### Assignment
Every line containing the string "auto" is to be copied from the records.

Dataset entries:
# # # # # # #
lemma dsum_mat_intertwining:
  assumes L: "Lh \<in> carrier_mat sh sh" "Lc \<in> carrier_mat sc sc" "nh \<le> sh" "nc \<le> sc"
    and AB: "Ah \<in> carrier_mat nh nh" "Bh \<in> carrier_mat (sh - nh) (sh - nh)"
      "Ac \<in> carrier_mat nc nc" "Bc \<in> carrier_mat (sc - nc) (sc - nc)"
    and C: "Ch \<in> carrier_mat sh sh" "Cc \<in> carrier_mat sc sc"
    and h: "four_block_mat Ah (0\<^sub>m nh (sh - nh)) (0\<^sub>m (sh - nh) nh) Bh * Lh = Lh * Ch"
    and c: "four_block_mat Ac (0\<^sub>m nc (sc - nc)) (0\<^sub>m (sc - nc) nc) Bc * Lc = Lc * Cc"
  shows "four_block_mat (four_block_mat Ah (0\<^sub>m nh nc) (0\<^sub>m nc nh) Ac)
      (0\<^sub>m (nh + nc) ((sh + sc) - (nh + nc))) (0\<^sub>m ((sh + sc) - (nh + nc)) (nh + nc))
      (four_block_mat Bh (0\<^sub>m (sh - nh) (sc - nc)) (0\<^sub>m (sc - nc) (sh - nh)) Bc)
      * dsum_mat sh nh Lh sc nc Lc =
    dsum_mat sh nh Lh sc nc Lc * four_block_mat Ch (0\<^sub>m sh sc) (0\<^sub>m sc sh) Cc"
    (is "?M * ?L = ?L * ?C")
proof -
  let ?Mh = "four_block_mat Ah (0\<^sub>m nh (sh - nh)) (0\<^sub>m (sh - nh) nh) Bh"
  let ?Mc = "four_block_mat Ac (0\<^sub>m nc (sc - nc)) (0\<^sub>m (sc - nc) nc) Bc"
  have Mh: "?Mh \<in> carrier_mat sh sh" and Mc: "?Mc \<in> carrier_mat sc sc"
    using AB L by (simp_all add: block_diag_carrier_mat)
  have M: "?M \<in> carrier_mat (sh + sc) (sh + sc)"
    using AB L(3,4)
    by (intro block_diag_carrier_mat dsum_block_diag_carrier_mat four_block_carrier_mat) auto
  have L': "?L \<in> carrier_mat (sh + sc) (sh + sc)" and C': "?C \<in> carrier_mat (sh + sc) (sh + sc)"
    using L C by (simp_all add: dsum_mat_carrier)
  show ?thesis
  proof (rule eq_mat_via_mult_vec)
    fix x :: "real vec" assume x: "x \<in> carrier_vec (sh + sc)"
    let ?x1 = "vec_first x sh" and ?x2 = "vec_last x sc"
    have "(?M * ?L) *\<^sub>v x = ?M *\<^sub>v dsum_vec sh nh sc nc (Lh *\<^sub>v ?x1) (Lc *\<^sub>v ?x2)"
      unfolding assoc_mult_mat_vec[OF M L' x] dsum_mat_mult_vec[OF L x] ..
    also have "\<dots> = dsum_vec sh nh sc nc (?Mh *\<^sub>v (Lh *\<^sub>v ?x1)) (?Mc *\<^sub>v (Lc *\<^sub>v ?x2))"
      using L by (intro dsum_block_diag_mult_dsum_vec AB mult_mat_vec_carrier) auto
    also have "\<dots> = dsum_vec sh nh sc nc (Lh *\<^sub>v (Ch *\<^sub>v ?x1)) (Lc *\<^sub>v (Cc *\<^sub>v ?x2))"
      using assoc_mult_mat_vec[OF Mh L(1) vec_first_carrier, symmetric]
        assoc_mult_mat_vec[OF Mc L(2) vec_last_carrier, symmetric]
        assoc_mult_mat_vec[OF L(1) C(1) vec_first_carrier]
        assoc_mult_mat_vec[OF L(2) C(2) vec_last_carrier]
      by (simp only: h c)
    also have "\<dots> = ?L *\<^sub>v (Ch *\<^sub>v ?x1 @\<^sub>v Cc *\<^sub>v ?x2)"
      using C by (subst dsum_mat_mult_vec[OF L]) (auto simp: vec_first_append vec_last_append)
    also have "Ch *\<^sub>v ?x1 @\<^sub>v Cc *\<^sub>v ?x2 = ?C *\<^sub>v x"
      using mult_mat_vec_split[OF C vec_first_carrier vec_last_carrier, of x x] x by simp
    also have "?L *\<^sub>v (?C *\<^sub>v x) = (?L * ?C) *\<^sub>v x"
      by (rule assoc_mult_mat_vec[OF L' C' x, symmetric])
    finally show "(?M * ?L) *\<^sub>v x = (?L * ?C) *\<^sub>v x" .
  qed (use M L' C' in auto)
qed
# # # # # # #
### Task output
    by (intro block_diag_carrier_mat dsum_block_diag_carrier_mat four_block_carrier_mat) auto
      using L by (intro dsum_block_diag_mult_dsum_vec AB mult_mat_vec_carrier) auto
      using C by (subst dsum_mat_mult_vec[OF L]) (auto simp: vec_first_append vec_last_append)
  qed (use M L' C' in auto)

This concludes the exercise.